# Charcoal for Springtails



## NVfrogger (Apr 10, 2011)

What is a good brand of charcoal to use for culturing springtails one that is small size and not to big but yet not to small.


----------



## freaky_tah (Jan 21, 2009)

I use cowboy brand. The chunks are a little bigger, but I just bash em up with a hammer.


----------



## varanoid (Jan 21, 2011)

There are a few out there that you can use. Cowboy brand is great and can be easily found at lowes\home depot. Anything that is sold as all natural lump charcoal can be used. Put a bunch in a pillow case and smash it up with a hammer and presto you have charcoal pieces of the appropriate size for your springtail cultures.


----------



## frogparty (Dec 27, 2007)

I use medium or large sized horticultural charcoal, merely because I can use it for orchids too.


----------



## Pumilo (Sep 4, 2010)

Some Lowes do not carry Cowboy anymore. They have Frontier which works fine too. Put it in a pillowcase to smash it up.


----------



## NVfrogger (Apr 10, 2011)

Ok great thanks for all the replies it helped.


----------



## kylesmoney (Mar 29, 2010)

Could one use activated carbon instead of charcoal? I know that doesn't make sense for most but I have pretty much an unlimited supply of activated carbon at my disposal.


----------



## Pumilo (Sep 4, 2010)

kylesmoney said:


> Could one use activated carbon instead of charcoal? I know that doesn't make sense for most but I have pretty much an unlimited supply of activated carbon at my disposal.

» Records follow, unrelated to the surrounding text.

(* Let $A,B,P,Q\in\mathbb{R}[x]$, and consider the following two conditions. $C_1$: for all $\lambda,\rho>0$, both $(\lambda A+\rho B,\ \lambda P+\rho Q)$ and $(\lambda B+\rho xA,\ \lambda Q+\rho xP)$ are interpolatory 1-cubes. $C_2$: for all $\kappa,\pi>0$, both $(\kappa A+\pi P,\ \kappa B+\pi Q)$ and $(\kappa P+\pi xA,\ \kappa Q+\pi xB)$ are interpolatory 1-cubes. Then $C_1$ and $C_2$ are equivalent.
   Context: A polynomial in $\mathbb{R}[x]$ is standard if it is identically $0$ or has positive leading coefficient. It has only nonpositive zeros if it is identically $0$ or all its zeros are real and $\le0$. Relation $\prec$: for $A,B$ with only real zeros, with zeros $\xi_1\le\cdots\le\xi_a$ of $A$ and $\theta_1\le\cdots\le\theta_b$ of $B$, $A\prec B$ means one of the following: - $\deg B=\deg A+1$ and $\theta_1\le\xi_1\le\theta_2\le\cdots\le\xi_a\le\theta_{a+1}$; - $\deg A=\deg B$ and $\xi_1\le\theta_1\le\cdots\le\xi_a\le\theta_a$. By convention $A\prec0$ and $0\prec A$ for any $A$ with only real zeros. An interpolatory 1-cube is a pair $(A,B)$ of standard polynomials with only nonpositive zeros such that $A\prec B$. *)

theory Defs
  imports "HOL-Computational_Algebra.Polynomial"
begin

definition standard :: "real poly \<Rightarrow> bool" where
  "standard p \<longleftrightarrow> p = 0 \<or> lead_coeff p > 0"

definition real_rooted :: "real poly \<Rightarrow> bool" where
  "real_rooted p \<longleftrightarrow> p = 0 \<or>
     (\<exists>xs. p = smult (lead_coeff p) (\<Prod>x\<leftarrow>xs. [:-x, 1:]))"

definition nonpos_rooted :: "real poly \<Rightarrow> bool" where
  "nonpos_rooted p \<longleftrightarrow> p = 0 \<or>
     (\<exists>xs. (\<forall>x\<in>set xs. x \<le> 0) \<and> p = smult (lead_coeff p) (\<Prod>x\<leftarrow>xs. [:-x, 1:]))"

definition zero_list :: "real poly \<Rightarrow> real list" where
  "zero_list p = (SOME xs. sorted xs \<and> p = smult (lead_coeff p) (\<Prod>x\<leftarrow>xs. [:-x, 1:]))"

definition interlaces :: "real poly \<Rightarrow> real poly \<Rightarrow> bool" (infix "\<prec>" 50) where
  "A \<prec> B \<longleftrightarrow> real_rooted A \<and> real_rooted B \<and>
     (A = 0 \<or> B = 0 \<or>
      (let xs = zero_list A; ts = zero_list B in
        (degree B = degree A + 1 \<and>
           (\<forall>i < length xs. ts ! i \<le> xs ! i \<and> xs ! i \<le> ts ! (i + 1)))
      \<or> (degree A = degree B \<and>
           (\<forall>i < length xs. xs ! i \<le> ts ! i) \<and>
           (\<forall>i. i + 1 < length xs \<longrightarrow> ts ! i \<le> xs ! (i + 1)))))"

definition interp_1cube :: "real poly \<Rightarrow> real poly \<Rightarrow> bool" where
  "interp_1cube A B \<longleftrightarrow> standard A \<and> standard B \<and> nonpos_rooted A \<and> nonpos_rooted B \<and> A \<prec> B"

end

theory Submission
  imports Defs "HOL-Computational_Algebra.Fundamental_Theorem_Algebra" "HOL-Analysis.Analysis"
begin

text \<open>
  The key is a characterisation of interpolatory 1-cubes: \<open>(F, G)\<close> is one iff for all
  \<open>k, l > 0\<close> both \<open>k F + l G\<close> and \<open>k G + l x F\<close> are standard with only nonpositive zeros.
  Applied to the two cubes of \<open>C\<^sub>1\<close>, it turns \<open>C\<^sub>1\<close> into the statement that for all positive
  \<open>\<lambda>, \<rho>, \<kappa>, \<pi>\<close> the four polynomials
  \<open>\<kappa>\<lambda>A + \<kappa>\<rho>B + \<pi>\<lambda>P + \<pi>\<rho>Q\<close>, \<open>\<kappa>\<lambda>B + \<kappa>\<rho>xA + \<pi>\<lambda>Q + \<pi>\<rho>xP\<close>,
  \<open>\<kappa>\<lambda>P + \<kappa>\<rho>Q + \<pi>\<lambda>xA + \<pi>\<rho>xB\<close> and \<open>\<kappa>\<lambda>Q + \<kappa>\<rho>xP + \<pi>\<lambda>xB + \<pi>\<rho>x\<^sup>2A\<close>
  are standard with only nonpositive zeros. This condition is invariant under exchanging
  \<open>(B, \<lambda>, \<rho>)\<close> with \<open>(P, \<kappa>, \<pi>)\<close>, which exchanges \<open>C\<^sub>1\<close> and \<open>C\<^sub>2\<close>.

  For the characterisation, let \<open>\<Theta>(z)\<close>, for \<open>Im z > 0\<close>, be the argument of \<open>G(z)\<close> minus that
  of \<open>F(z)\<close>, measured as a sum of the angles of \<open>z - r\<close> over the zeros \<open>r\<close>. Interlacing gives
  \<open>0 \<le> \<Theta> \<le> arg z < \<pi>\<close>, so no positive combination of \<open>F, G\<close> or of \<open>G, x F\<close> vanishes off
  the real axis. Conversely, if none vanishes there, \<open>\<Theta>\<close> and \<open>\<Theta> - arg z\<close> never reach
  \<open>\<plusminus>\<pi>\<close>, hence stay in \<open>(-\<pi>, \<pi>)\<close> by connectedness; at a real point \<open>x\<close> their boundary
  values count the zeros of \<open>G\<close> minus those of \<open>F\<close> above \<open>x\<close>, and the resulting bounds
  force interlacing. That \<open>F\<close> and \<open>G\<close> themselves have only nonpositive zeros follows by
  a Hurwitz-type limit argument.
\<close>

section \<open>Real polynomials on the complex plane\<close>

declare mult_pCons_left [simp del]

abbreviation cpoly :: "real poly \<Rightarrow> complex poly" where
  "cpoly p \<equiv> map_poly complex_of_real p"

abbreviation linear_prod :: "real list \<Rightarrow> real poly" where
  "linear_prod xs \<equiv> \<Prod>x\<leftarrow>xs. [:-x, 1:]"

lemma cpoly_mult: "cpoly (p * q) = cpoly p * cpoly q"
  by (rule poly_eqI) (simp add: coeff_map_poly coeff_mult)

lemma poly_cpoly_add [simp]: "poly (cpoly (p + q)) z = poly (cpoly p) z + poly (cpoly q) z"
proof -
  have "cpoly (p + q) = cpoly p + cpoly q"
    by (rule poly_eqI) (simp add: coeff_map_poly)
  then show ?thesis by simp
qed

lemma poly_cpoly_smult [simp]: "poly (cpoly (smult c p)) z = of_real c * poly (cpoly p) z"
  by (simp add: map_poly_smult)

lemma poly_cpoly_mult [simp]: "poly (cpoly (p * q)) z = poly (cpoly p) z * poly (cpoly q) z"
  by (simp add: cpoly_mult)

lemma poly_cpoly_pCons [simp]: "poly (cpoly (pCons a p)) z = of_real a + z * poly (cpoly p) z"
  by (simp add: map_poly_pCons)

lemma poly_cpoly_of_real [simp]: "poly (cpoly p) (of_real x) = of_real (poly p x)"
  by (induction p) (simp_all add: map_poly_pCons)

lemma poly_cpoly_cnj: "poly (cpoly p) (cnj z) = cnj (poly (cpoly p) z)"
  by (induction p) (simp_all add: map_poly_pCons)

lemma poly_cpoly_linear_prod: "poly (cpoly (linear_prod xs)) z = (\<Prod>x\<leftarrow>xs. z - of_real x)"
  by (induction xs) (simp_all add: map_poly_pCons)

lemma lead_coeff_linear_prod: "lead_coeff (linear_prod xs) = 1"
  by (induction xs) (simp_all add: lead_coeff_mult)

lemma degree_linear_prod: "degree (linear_prod xs) = length xs"
proof (induction xs)
  case (Cons x xs)
  have "linear_prod xs \<noteq> 0" using lead_coeff_linear_prod[of xs] by auto
  with Cons show ?case by (simp add: degree_mult_eq)
qed simp

lemma poly_linear_prod_eq_0_iff: "poly (linear_prod xs) x = 0 \<longleftrightarrow> x \<in> set xs"
  by (induction xs) auto

lemma linear_prod_sort: "linear_prod (sort xs) = linear_prod xs"
proof -
  have "mset (map (\<lambda>x. [:-x, 1:]) (sort xs)) = mset (map (\<lambda>x. [:-x, 1:]) xs)" by simp
  from arg_cong[OF this, of prod_mset] show ?thesis by (simp only: prod_mset_prod_list)
qed

lemma coeff_linear_prod_nonneg:
  assumes "\<forall>x\<in>set xs. x \<le> 0"
  shows "coeff (linear_prod xs) i \<ge> 0"
  using assms
proof (induction xs arbitrary: i)
  case Nil
  then show ?case by (cases i) auto
next
  case (Cons x xs)
  have "x * coeff (linear_prod xs) i \<le> 0" using Cons by (simp add: mult_nonpos_nonneg)
  moreover have "coeff (linear_prod xs) (i - 1) \<ge> 0" using Cons by simp
  ultimately show ?case by (cases i) (simp_all add: mult_pCons_left)
qed

lemma real_factorization:
  assumes "\<forall>z. poly (cpoly p) z = 0 \<longrightarrow> Im z = 0"
  shows "\<exists>xs. p = smult (lead_coeff p) (linear_prod xs)"
  using assms
proof (induction "degree p" arbitrary: p)
  case 0
  then obtain c where "p = [:c:]" by (metis degree_eq_zeroE)
  then show ?case by (intro exI[of _ "[]"]) simp
next
  case (Suc n)
  have "\<not> constant (poly (cpoly p))"
    using Suc.hyps(2) by (simp add: constant_degree degree_map_poly)
  then obtain z where z: "poly (cpoly p) z = 0" using fundamental_theorem_of_algebra by blast
  with Suc.prems have "z = of_real (Re z)" by (simp add: complex_eq_iff)
  with z have "poly p (Re z) = 0" by (metis of_real_eq_0_iff poly_cpoly_of_real)
  then obtain q where p: "p = [:-Re z, 1:] * q" by (metis dvdE poly_eq_0_iff_dvd)
  moreover have "p \<noteq> 0" using Suc.hyps(2) by auto
  ultimately have "q \<noteq> 0" "degree q = n" using Suc.hyps(2) by (auto simp: degree_mult_eq)
  moreover have "\<forall>w. poly (cpoly q) w = 0 \<longrightarrow> Im w = 0"
    using Suc.prems by (simp add: p map_poly_pCons)
  ultimately obtain ys where ys: "q = smult (lead_coeff q) (linear_prod ys)"
    using Suc.hyps(1) by blast
  define c where "c = lead_coeff q"
  have q: "q = smult c (linear_prod ys)" unfolding c_def by (rule ys)
  have "lead_coeff p = c" by (simp add: p lead_coeff_mult c_def)
  moreover have "p = smult c (linear_prod (Re z # ys))" by (simp add: p q)
  ultimately show ?case by (intro exI[of _ "Re z # ys"]) (simp only:)
qed

lemma nonpos_rooted_iff:
  "nonpos_rooted p \<longleftrightarrow> p = 0 \<or> (\<forall>z. poly (cpoly p) z = 0 \<longrightarrow> Im z = 0 \<and> Re z \<le> 0)"
proof (cases "p = 0")
  case False
  show ?thesis
  proof
    assume "nonpos_rooted p"
    then obtain xs where xs: "\<forall>x\<in>set xs. x \<le> 0" "p = smult (lead_coeff p) (linear_prod xs)"
      using False unfolding nonpos_rooted_def by blast
    have "Im z = 0 \<and> Re z \<le> 0" if "poly (cpoly p) z = 0" for z
    proof -
      have "(\<Prod>x\<leftarrow>xs. z - of_real x) = 0"
        using that False by (subst (asm) xs(2)) (simp add: poly_cpoly_linear_prod)
      then obtain x where "x \<in> set xs" "z = of_real x" by (induction xs) auto
      with xs(1) show ?thesis by simp
    qed
    then show "p = 0 \<or> (\<forall>z. poly (cpoly p) z = 0 \<longrightarrow> Im z = 0 \<and> Re z \<le> 0)" by blast
  next
    assume "p = 0 \<or> (\<forall>z. poly (cpoly p) z = 0 \<longrightarrow> Im z = 0 \<and> Re z \<le> 0)"
    with False have roots: "\<forall>z. poly (cpoly p) z = 0 \<longrightarrow> Im z = 0 \<and> Re z \<le> 0" by blast
    then obtain xs where xs: "p = smult (lead_coeff p) (linear_prod xs)"
      using real_factorization by blast
    have "x \<le> 0" if "x \<in> set xs" for x
    proof -
      have "poly p x = 0" using that by (subst xs) (simp add: poly_linear_prod_eq_0_iff)
      then show ?thesis using roots[rule_format, of "of_real x"] by simp
    qed
    with xs show "nonpos_rooted p" unfolding nonpos_rooted_def by blast
  qed
qed (simp add: nonpos_rooted_def)

lemma nonpos_rooted_iff_upper_half_plane:
  "nonpos_rooted p \<longleftrightarrow>
     p = 0 \<or> ((\<forall>z. Im z > 0 \<longrightarrow> poly (cpoly p) z \<noteq> 0) \<and> (\<forall>x>0. poly p x \<noteq> 0))"
proof -
  have "(\<forall>z. poly (cpoly p) z = 0 \<longrightarrow> Im z = 0 \<and> Re z \<le> 0) \<longleftrightarrow>
        (\<forall>z. Im z > 0 \<longrightarrow> poly (cpoly p) z \<noteq> 0) \<and> (\<forall>x>0. poly p x \<noteq> 0)"
    (is "?roots \<longleftrightarrow> ?upper \<and> ?pos")
  proof
    assume ?roots
    then show "?upper \<and> ?pos"
      by (metis Im_complex_of_real Re_complex_of_real less_numeral_extra(3) not_le
          of_real_0 poly_cpoly_of_real)
  next
    assume "?upper \<and> ?pos"
    show ?roots
    proof (intro allI impI)
      fix z
      assume root: "poly (cpoly p) z = 0"
      have "poly (cpoly p) (cnj z) = 0" using root by (simp add: poly_cpoly_cnj)
      with root \<open>?upper \<and> ?pos\<close> have "\<not> Im z > 0" "\<not> Im (cnj z) > 0" by blast+
      then have "Im z = 0" by simp
      then have "z = of_real (Re z)" by (simp add: complex_eq_iff)
      with root have "poly p (Re z) = 0" by (metis of_real_eq_0_iff poly_cpoly_of_real)
      with \<open>?upper \<and> ?pos\<close> \<open>Im z = 0\<close> show "Im z = 0 \<and> Re z \<le> 0" by (meson not_le)
    qed
  qed
  then show ?thesis by (simp add: nonpos_rooted_iff)
qed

Yes, you can. I found myself in your shoes once and did the same. It's just a rather expensive way to do it for most.


----------



## bakaichi (Jun 27, 2009)

Pumilo said:


> Yes, you can. I found myself in your shoes once and did the same. It's just a rather expensive way to do it for most.


ya i tried use active carbon for culture, but at the end i find the chunk to be too small.
It will culture for sure, but i find it easier to harvest when the charcoal pcs are bigger chunked


----------



## Pumilo (Sep 4, 2010)

bakaichi said:


> ya i tried use active carbon for culture, but at the end i find the chunk to be too small.
> It will culture for sure, but i find it easier to harvest when the charcoal pcs are bigger chunked


That's true, it does make harvest harder. I used to keep a coffee filter on top and just shake that into the viv. I small piece of tree fern fiber would work great for that.


----------



## kylesmoney (Mar 29, 2010)

Thanks guys!


----------